At Mon Jan 11, 11:11:00 AM, Blogger Targa said...

"...that I can erase your face with a single glance."

or

"I'm not really Ava Gardner, she's been dead 20 years."

"That'll be $2,000.00.... CASH!"

 
At Mon Jan 11, 12:01:00 PM, Blogger Unknown said...

Is it the same as mAnn Coulter's secret?

 
At Mon Jan 11, 01:43:00 PM, Blogger Darwin's Dagger said...

She's in love with an orangutan.

 
At Mon Jan 11, 03:43:00 PM, Blogger Jess Wundrun said...

She accessorizes with toilet paper collars? Her boobies are shaped like pac man? There are hidden faces in her abdomen?

What? I beg you!

 
At Mon Jan 11, 08:36:00 PM, Blogger Dr. Zaius said...

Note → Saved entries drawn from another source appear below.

(* Let $m,b\ge1$, $V=(\mathbb{F}_2)^{mb}$, let $\mathbf M\in\mathrm{GL}(V)$ have order $t$, and define $\alpha:V\to(\mathbb{F}_2)^{2^m bt}$ by $\alpha(v)=(\varepsilon(v),\varepsilon(\mathbf Mv),\dots,\varepsilon(\mathbf M^{t-1}v))$. Then $2^m b-(b-1)\le\dim_{\mathbb{F}_2}\langle\alpha(V)\rangle\le(2^m b-(b-1))t$.
   Context: Identify $(\mathbb{F}_2)^m$ with $\mathbb{F}_{2^m}=\mathbb{F}_2[x]/(p)$ for a primitive polynomial $p$ of degree $m$, with primitive element $\gamma$ (a root of $p$). Let $e_1,\dots,e_{2^m}$ be the standard basis of $(\mathbb{F}_2)^{2^m}$ and define $\varepsilon':\mathbb{F}_{2^m}\to(\mathbb{F}_2)^{2^m}$ by $\varepsilon'(0)=e_1$, $\varepsilon'(\gamma^i)=e_{i+1}$ for $1\le i\le2^m-1$. Writing $v\in V$ as $(v_1,\dots,v_b)$ with $v_j\in(\mathbb{F}_2)^m$, set $\varepsilon(v)=(\varepsilon'(v_1),\dots,\varepsilon'(v_b))\in(\mathbb{F}_2)^{2^m b}$. $\langle S\rangle$ denotes the $\mathbb{F}_2$-linear span. *)

theory Defs
  imports "HOL-Library.Z2" "HOL-Library.Function_Algebras" "HOL-Computational_Algebra.Computational_Algebra"
begin

(* F_2 is the type bit. Vectors of (F_2)^N are functions nat => bit vanishing
   at indices >= N (coordinates are 0-based). *)

definition Vsp :: "nat \<Rightarrow> (nat \<Rightarrow> bit) set" where
  "Vsp N = {v. \<forall>i\<ge>N. v i = 0}"

definition vscale :: "bit \<Rightarrow> (nat \<Rightarrow> bit) \<Rightarrow> (nat \<Rightarrow> bit)" where
  "vscale c v = (\<lambda>i. c * v i)"

definition vadd :: "(nat \<Rightarrow> bit) \<Rightarrow> (nat \<Rightarrow> bit) \<Rightarrow> (nat \<Rightarrow> bit)" where
  "vadd u w = (\<lambda>i. u i + w i)"

definition primitive_poly :: "nat \<Rightarrow> bit poly \<Rightarrow> bool" where
  "primitive_poly m p \<longleftrightarrow> degree p = m \<and> irreducible p \<and>
     [:0, 1:] ^ (2^m - 1) mod p = 1 \<and>
     (\<forall>k. 0 < k \<and> k < 2^m - 1 \<longrightarrow> [:0, 1:] ^ k mod p \<noteq> 1)"

(* identification (F_2)^m = F_2[x]/(p): (v_0,...,v_{m-1}) |-> sum v_j x^j
   (residues mod p represented by polynomials of degree < m) *)
definition field_of_vec :: "nat \<Rightarrow> (nat \<Rightarrow> bit) \<Rightarrow> bit poly" where
  "field_of_vec m v = (\<Sum>j<m. monom (v j) j)"

(* epsilon' : F_{2^m} -> (F_2)^{2^m}; 0 |-> e_1 (index 0), gamma^i |-> e_{i+1} (index i),
   1 <= i <= 2^m - 1 *)
definition eps' :: "nat \<Rightarrow> bit poly \<Rightarrow> (nat \<Rightarrow> bit) \<Rightarrow> (nat \<Rightarrow> bit)" where
  "eps' m p v = (\<lambda>k. if field_of_vec m v = 0 then of_bool (k = 0)
      else of_bool (1 \<le> k \<and> k \<le> 2^m - 1 \<and> [:0, 1:] ^ k mod p = field_of_vec m v))"

definition eps :: "nat \<Rightarrow> nat \<Rightarrow> bit poly \<Rightarrow> (nat \<Rightarrow> bit) \<Rightarrow> (nat \<Rightarrow> bit)" where
  "eps m b p v = (\<lambda>i. if i < 2^m * b
      then eps' m p (\<lambda>j. if j < m then v ((i div 2^m) * m + j) else 0) (i mod 2^m)
      else 0)"

definition alpha :: "nat \<Rightarrow> nat \<Rightarrow> bit poly \<Rightarrow> ((nat \<Rightarrow> bit) \<Rightarrow> (nat \<Rightarrow> bit)) \<Rightarrow> nat
    \<Rightarrow> (nat \<Rightarrow> bit) \<Rightarrow> (nat \<Rightarrow> bit)" where
  "alpha m b p M t v = (\<lambda>i. if i < 2^m * b * t
      then eps m b p ((M ^^ (i div (2^m * b))) v) (i mod (2^m * b))
      else 0)"

end

theory Submission
  imports Defs
begin

text \<open>
  Every block of eps(v) is a unit vector e_k with k < 2^m the discrete logarithm of the block
  (k = 0 for the zero block), so alpha(v) is one-hot: each of its b t blocks of length
  P = 2^m carries exactly one 1. All such vectors lie in the span of the one-hot vector with
  every 1 at offset 0 and of the b t (P - 1) vectors e_(jP+k) + e_(jP), which gives the upper
  bound 1 + b t (P - 1). Conversely every k < P occurs, so on the first b blocks, where
  alpha(v) = eps(v) because M^0 = id, every one-hot pattern is realised; 1 + b (P - 1) suitable
  sums of these vectors each own a coordinate on which all the others vanish, hence are
  independent.
\<close>

lemma UNIV_bit: "(UNIV :: bit set) = {0, 1}"
  by (auto intro: bit.exhaust)

lemma finite_UNIV_bit: "finite (UNIV :: bit set)"
  and card_UNIV_bit: "card (UNIV :: bit set) = 2"
  by (simp_all add: UNIV_bit)

lemma primitive_polyD:
  assumes "primitive_poly m p"
  shows "degree p = m" "p \<noteq> 0" "[:0, 1:] ^ (2^m - 1) mod p = 1"
    "\<And>k. 0 < k \<Longrightarrow> k < 2^m - 1 \<Longrightarrow> [:0, 1:] ^ k mod p \<noteq> 1"
  using assms unfolding primitive_poly_def by auto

Tengrain: If you look closely at the proportion of the two figures in this picture, the woman is a bout 2 feet taller than the man! Maybe that's her secret. ;o)

Fran: Ack! What is *your* secret, FranIAm?!?! I'm dying to know! ;o)

Teresita: Ha! That's what you get for going on Match.com! ;o)

Freida Bee, MD: Hee hee! That would be awesome! :o)

JustJoeP: Then she is probably a suitable appointee for the Commerce Department! ;o)

Targa: Ack! It must be one of those things! ;o)

billw: Ann Coulter's recent breast augmentation surgery is the latest stage of her ongoing sex change and gender reassignment surgery. Soon her life-long dream of being a woman will become a reality! [ 1, 2, 3 ]

Darwin's Dagger: Yay! At least she has good taste. ;o)

Jess Wundrun: I'm sorry, but I can't tell you. (Boobies are shaped like Pac Man?) ;o)

 
At Tue Jan 12, 06:51:00 PM, Anonymous Anonymous said...

See, this is why we blondes just can't deal with raven-haired temptresses. Too many secrets.

I'd rather have an orangutan.

 
At Thu Jan 14, 10:35:00 PM, Anonymous Anonymous said...

Her secret ... have the spots come back? Looks like a job for Valtrex!